I'm a sax player and got into generative music on iOS just to get some good backing tracks for my performances. So far I'm using mostly Drambo.
I want to start with a set of chords and spend most my time on the synth pads, but still want to spin up a good bass line to put underneath it without a ton of effort. (Lazy SOB!)
Here's the work flow I'm striving for: 1) Decide on a chord progression, 2) enter the chords into the sequencer in a Drambo clip, 3) send that to a synth (in this case 4Pockets' Copperhead), 4) send the roots of that progression to a second app/synth to get a decent bass line.
Step 4 is where I'm stuck. Can't find a good bass line generator for Drambo. (Reason has Bassline Generator, but I want don't want to get sucked into their closed-garden, monthly subscription $$ environment.)
I have tried using the Arp module...ran into some complications which I'm about to document in another posting.

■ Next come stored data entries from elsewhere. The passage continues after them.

(* Let $N\ge 1$, let $\mathbf{a}_1,\dots,\mathbf{a}_N\in\mathbb{R}^3$ and $\mathbf{x}_G\in\mathbb{R}^3$, set $d_i=\|\mathbf{x}_G-\mathbf{a}_i\|$ and $\mathbf{a}_\ast=\frac1N\sum_{i=1}^N\mathbf{a}_i$, and define $$F_{L2}(\mathbf{x},\lambda)=\frac14\sum_{i=1}^N\bigl(\|\mathbf{x}-\mathbf{a}_i\|^2+\lambda^2-d_i^2\bigr)^2,\qquad \mathbf{x}\in\mathbb{R}^3,\ \lambda\in\mathbb{R}.$$ Assume the vectors $\mathbf{a}_1-\mathbf{a}_\ast,\dots,\mathbf{a}_N-\mathbf{a}_\ast$ span $\mathbb{R}^3$. Then $F_{L2}$ has no stationary point $(\mathbf{x},\lambda)$ with $\lambda\neq0$ and $\mathbf{x}\neq\mathbf{x}_G$; more precisely, if $\lambda\ne0$, $\mathbf{x}\ne\mathbf{x}_G$ and $\frac{\partial F_{L2}}{\partial\lambda}(\mathbf{x},\lambda)=0$, then $\nabla_{\mathbf{x}}F_{L2}(\mathbf{x},\lambda)\neq0$. In particular $F_{L2}$ has no local minima with $\lambda\ne0$ and $\mathbf{x}\ne\mathbf{x}_G$.
   Context: $F_{L2}$ is the squared-range Time of Arrival least-squares objective for exact distances $d_i$ from known base stations $\mathbf{a}_i$ to an object at $\mathbf{x}_G$, augmented with an additional variable $\lambda$. *)

theory Defs
  imports "HOL-Analysis.Analysis"
begin

definition dist_TOA :: "(nat \<Rightarrow> real^3) \<Rightarrow> real^3 \<Rightarrow> nat \<Rightarrow> real" where
  "dist_TOA a xG i = norm (xG - a i)"

definition a_star :: "nat \<Rightarrow> (nat \<Rightarrow> real^3) \<Rightarrow> real^3" where
  "a_star N a = (1 / real N) *\<^sub>R (\<Sum>i=1..N. a i)"

definition F_L2 :: "nat \<Rightarrow> (nat \<Rightarrow> real^3) \<Rightarrow> real^3 \<Rightarrow> real^3 \<Rightarrow> real \<Rightarrow> real" where
  "F_L2 N a xG x l =
     (1/4) * (\<Sum>i=1..N. ((norm (x - a i))\<^sup>2 + l\<^sup>2 - (dist_TOA a xG i)\<^sup>2)\<^sup>2)"

end

theory Submission
  imports Defs
begin

text \<open>
  Write \<open>u = x - xG\<close>. Each residual \<open>r\<^sub>i = \<parallel>x - a\<^sub>i\<parallel>\<^sup>2 + \<lambda>\<^sup>2 - d\<^sub>i\<^sup>2\<close> is affine in \<open>a\<^sub>i\<close>,
  namely \<open>K - 2 u \<bullet> a\<^sub>i\<close>. The \<open>\<lambda>\<close>-derivative \<open>\<lambda> \<Sum> r\<^sub>i\<close> vanishes for \<open>\<lambda> \<noteq> 0\<close> only if
  \<open>\<Sum> r\<^sub>i = 0\<close>, which fixes \<open>K\<close> and gives \<open>r\<^sub>i = -2 u \<bullet> (a\<^sub>i - a\<^sub>*)\<close>. Then the
  derivative of \<open>F_L2\<close> in \<open>x\<close> along \<open>u\<close> equals \<open>2 \<Sum> (u \<bullet> (a\<^sub>i - a\<^sub>*))\<^sup>2\<close>, which is
  positive because the centred stations span the space and \<open>u \<noteq> 0\<close>.
\<close>

lemma TOA_residual_eq:
  fixes x xG p :: "'a::real_inner"
  shows "(norm (x - p))\<^sup>2 + l\<^sup>2 - (norm (xG - p))\<^sup>2
           = (x - xG) \<bullet> (x + xG) + l\<^sup>2 - 2 * ((x - xG) \<bullet> p)"
  unfolding power2_norm_eq_inner
  by (simp add: inner_diff inner_add inner_commute algebra_simps)

lemma TOA_directional_derivative_eq:
  fixes a :: "'i \<Rightarrow> 'a::real_inner" and x xG :: 'a
  assumes I: "finite I" "I \<noteq> {}"
    and residual_sum: "(\<Sum>i\<in>I. (norm (x - a i))\<^sup>2 + l\<^sup>2 - (norm (xG - a i))\<^sup>2) = 0"
  defines "c \<equiv> (1 / real (card I)) *\<^sub>R (\<Sum>i\<in>I. a i)"
  shows "(\<Sum>i\<in>I. ((norm (x - a i))\<^sup>2 + l\<^sup>2 - (norm (xG - a i))\<^sup>2) * ((x - a i) \<bullet> (x - xG)))
           = 2 * (\<Sum>i\<in>I. ((x - xG) \<bullet> (a i - c))\<^sup>2)"
proof -
  define u where "u = x - xG"
  define K where "K = u \<bullet> (x + xG) + l\<^sup>2"
  define r where "r i = (norm (x - a i))\<^sup>2 + l\<^sup>2 - (norm (xG - a i))\<^sup>2" for i
  have r_affine: "r i = K - 2 * (u \<bullet> a i)" for i
    by (simp add: r_def K_def u_def TOA_residual_eq)
  have sum_r: "(\<Sum>i\<in>I. r i) = 0"
    using residual_sum by (simp add: r_def)
  moreover have "(\<Sum>i\<in>I. r i) = real (card I) * K - 2 * (u \<bullet> (\<Sum>i\<in>I. a i))"
    by (simp add: r_affine sum_subtractf inner_sum_right sum_distrib_left)
  ultimately have "K = 2 * (u \<bullet> c)"
    using I by (simp add: c_def field_simps)
  hence r_centred: "r i = -2 * (u \<bullet> (a i - c))" for i
    by (simp add: r_affine inner_diff_right)
  have "(\<Sum>i\<in>I. r i * ((x - a i) \<bullet> u))
          = (\<Sum>i\<in>I. r i) * ((x - c) \<bullet> u) - (\<Sum>i\<in>I. r i * ((a i - c) \<bullet> u))"
    by (simp add: sum_distrib_right sum_subtractf[symmetric] inner_diff_left algebra_simps)
  also have "\<dots> = - (\<Sum>i\<in>I. r i * ((a i - c) \<bullet> u))"
    by (simp add: sum_r)
  also have "\<dots> = 2 * (\<Sum>i\<in>I. (u \<bullet> (a i - c))\<^sup>2)"
    by (simp add: r_centred inner_commute power2_eq_square sum_negf
        sum_distrib_left mult.assoc)
  finally show ?thesis
    by (simp add: r_def u_def)
qed

lemma sum_inner_square_pos_if_span:
  fixes b :: "'i \<Rightarrow> 'a::real_inner"
  assumes "finite I" and "span (b ` I) = UNIV" and "u \<noteq> 0"
  shows "(\<Sum>i\<in>I. (u \<bullet> b i)\<^sup>2) > 0"
proof (rule ccontr)
  assume "\<not> (\<Sum>i\<in>I. (u \<bullet> b i)\<^sup>2) > 0"
  moreover have "(\<Sum>i\<in>I. (u \<bullet> b i)\<^sup>2) \<ge> 0"
    by (intro sum_nonneg zero_le_power2)
  ultimately have "(\<Sum>i\<in>I. (u \<bullet> b i)\<^sup>2) = 0"
    by linarith
  hence "\<forall>i\<in>I. (u \<bullet> b i)\<^sup>2 = 0"
    using sum_nonneg_eq_0_iff[OF \<open>finite I\<close>, of "\<lambda>i. (u \<bullet> b i)\<^sup>2"] by simp
  have "orthogonal u u"
  proof (rule orthogonal_to_span)
    show "u \<in> span (b ` I)"
      using assms(2) by simp
    show "orthogonal u y" if "y \<in> b ` I" for y
      using that \<open>\<forall>i\<in>I. (u \<bullet> b i)\<^sup>2 = 0\<close> by (auto simp: orthogonal_def)
  qed
  with \<open>u \<noteq> 0\<close> show False
    by (simp add: orthogonal_def)
qed

lemma F_L2_has_real_derivative_lambda:
  "(F_L2 N a xG x has_real_derivative
      l * (\<Sum>i=1..N. (norm (x - a i))\<^sup>2 + l\<^sup>2 - (dist_TOA a xG i)\<^sup>2)) (at l)"
  unfolding F_L2_def
  apply (rule derivative_eq_intros refl)+
  apply (simp add: sum_distrib_left sum_distrib_right)
  apply (rule sum.cong, auto simp: field_simps)
  done

lemma F_L2_has_derivative_x:
  "((\<lambda>y. F_L2 N a xG y l) has_derivative
      (\<lambda>h. \<Sum>i=1..N. ((norm (x - a i))\<^sup>2 + l\<^sup>2 - (dist_TOA a xG i)\<^sup>2) * ((x - a i) \<bullet> h))) (at x)"
  unfolding F_L2_def power2_norm_eq_inner
  apply (rule derivative_eq_intros refl)+
  apply (simp add: sum_distrib_left inner_commute algebra_simps)
  done

lemma F_L2_no_stationary_point:
  assumes N: "N \<ge> 1"
    and span_centred: "span ((\<lambda>i. a i - a_star N a) ` {1..N}) = UNIV"
    and "l \<noteq> 0" and "x \<noteq> xG"
    and deriv_l: "(F_L2 N a xG x has_real_derivative 0) (at l)"
  shows "\<not> ((\<lambda>y. F_L2 N a xG y l) has_derivative (\<lambda>h. 0)) (at x)"
proof
  assume "((\<lambda>y. F_L2 N a xG y l) has_derivative (\<lambda>h. 0)) (at x)"
  from has_derivative_unique[OF F_L2_has_derivative_x this]
  have "(\<Sum>i=1..N. ((norm (x - a i))\<^sup>2 + l\<^sup>2 - (dist_TOA a xG i)\<^sup>2) * ((x - a i) \<bullet> (x - xG))) = 0"
    by (rule fun_cong[where x = "x - xG", simplified])
  moreover have "(\<Sum>i=1..N. (norm (x - a i))\<^sup>2 + l\<^sup>2 - (dist_TOA a xG i)\<^sup>2) = 0"
    using DERIV_unique[OF F_L2_has_real_derivative_lambda deriv_l] \<open>l \<noteq> 0\<close> by simp
  ultimately have "(\<Sum>i=1..N. ((x - xG) \<bullet> (a i - a_star N a))\<^sup>2) = 0"
    using N TOA_directional_derivative_eq[of "{1..N}" x a l xG]
    by (simp add: dist_TOA_def a_star_def)
  moreover have "(\<Sum>i=1..N. ((x - xG) \<bullet> (a i - a_star N a))\<^sup>2) > 0"
    using span_centred \<open>x \<noteq> xG\<close> by (intro sum_inner_square_pos_if_span) auto
  ultimately show False
    by simp
qed

lemma F_L2_local_min_stationary:
  assumes "e > 0"
    and local_min: "\<forall>y m. dist (y, m) (x, l) < e \<longrightarrow> F_L2 N a xG x l \<le> F_L2 N a xG y m"
  shows "(F_L2 N a xG x has_real_derivative 0) (at l)"
    and "((\<lambda>y. F_L2 N a xG y l) has_derivative (\<lambda>h. 0)) (at x)"
proof -
  have "\<forall>m. \<bar>l - m\<bar> < e \<longrightarrow> F_L2 N a xG x l \<le> F_L2 N a xG x m"
    using local_min by (auto simp: dist_Pair_Pair dist_real_def abs_minus_commute)
  from DERIV_local_min[OF F_L2_has_real_derivative_lambda \<open>e > 0\<close> this]
  show "(F_L2 N a xG x has_real_derivative 0) (at l)"
    using F_L2_has_real_derivative_lambda[of N a xG x l] by (simp only:)
  have "\<forall>y. dist y x < e \<longrightarrow> F_L2 N a xG x l \<le> F_L2 N a xG y l"
    using local_min by (simp add: dist_Pair_Pair)
  hence "eventually (\<lambda>y. F_L2 N a xG x l \<le> F_L2 N a xG y l) (at x)"
    unfolding eventually_at using \<open>e > 0\<close> by blast
  from has_derivative_local_min[OF F_L2_has_derivative_x this]
  show "((\<lambda>y. F_L2 N a xG y l) has_derivative (\<lambda>h. 0)) (at x)"
    using F_L2_has_derivative_x[of N a xG l x] by simp
qed

theorem mainTheorem2:
  fixes N :: nat and a :: "nat \<Rightarrow> real^3" and xG :: "real^3"
  assumes "N \<ge> 1"
    and "span ((\<lambda>i. a i - a_star N a) ` {1..N}) = UNIV"
  shows "(\<forall>x l. l \<noteq> 0 \<and> x \<noteq> xG \<and> (F_L2 N a xG x has_real_derivative 0) (at l)
            \<longrightarrow> \<not> (((\<lambda>y. F_L2 N a xG y l) has_derivative (\<lambda>h. 0)) (at x)))
       \<and> (\<forall>x l. l \<noteq> 0 \<and> x \<noteq> xG \<longrightarrow>
            \<not> (\<exists>e>0. \<forall>y m. dist (y, m) (x, l) < e \<longrightarrow> F_L2 N a xG x l \<le> F_L2 N a xG y m))"
proof (intro conjI allI impI notI)
  show False if "l \<noteq> 0 \<and> x \<noteq> xG \<and> (F_L2 N a xG x has_real_derivative 0) (at l)"
      and "((\<lambda>y. F_L2 N a xG y l) has_derivative (\<lambda>h. 0)) (at x)" for x l
    using F_L2_no_stationary_point[OF assms] that by blast
  show False if "l \<noteq> 0 \<and> x \<noteq> xG"
      and "\<exists>e>0. \<forall>y m. dist (y, m) (x, l) < e \<longrightarrow> F_L2 N a xG x l \<le> F_L2 N a xG y m" for x l
    using F_L2_no_stationary_point[OF assms] F_L2_local_min_stationary that by metis
qed

end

Yesterday I found this video where LoganJacob spun up a very usable bass line using Axon 2: https://youtu.be/IflJ9IX9UkI. But it dwells on single root note, i.e., a single chord...I want to move it around to three other chords. So far controlling the root note is proving to be a science project. Maybe it's not quite the right tool for my use case??
Given this context, what's the easiest way to identify four chords and get back a decent bass line when using Drambo or any other polyphonic sequencer?
Comments
The easiest way would be to add in your chords where you need them,
when you’re happy with the chord progression,
copy the chord progression to another track and to delete everything except for the root notes.
Extend out the note lengths and add an ARP module.
For generative stuff I often use the following :
MIDI Chance module at a fairly low setting, so note(s) only rarely get picked from your chords; followed by MIDI Latch module (depending on your chords); followed by ARP module to play the picked note(s) in certain order; and either another Chance module with a fairly high setting to ‘skip a note’ here and there, or controlling the frequency of the ARP by an external clock (Clock generator + Bernoulli gate) to ‘skin a step’
Also just for the sake of it I like to occasionally insert foreign notes by offsetting random notes with MIDI transpose module, but that can be undesirable in many genres :)
Bassline is more about groove than about notes
what's important is when to play a note and when not to play a note. ;)
it doesn't really matter what notes you play ...
think rhythm not melody
+1
hehe
yes things start to bore the hell out you if everything is always nice 😴
thats why im against all these scale things
in the end it makes very streamlined music, no happy accidents because you played the "wrong" notes (that was interesting, do that again)
its all the same soup
...
...
+1
Not sure if you're looking for drambo only solutions, but I have used Rozetta Bassline and Audiomodern's Riffer with great success for generative basslines.
More tweaking with Riffer but also more rewarding.
Riffer also gets my vote. Much more control than Rozetta Bassline.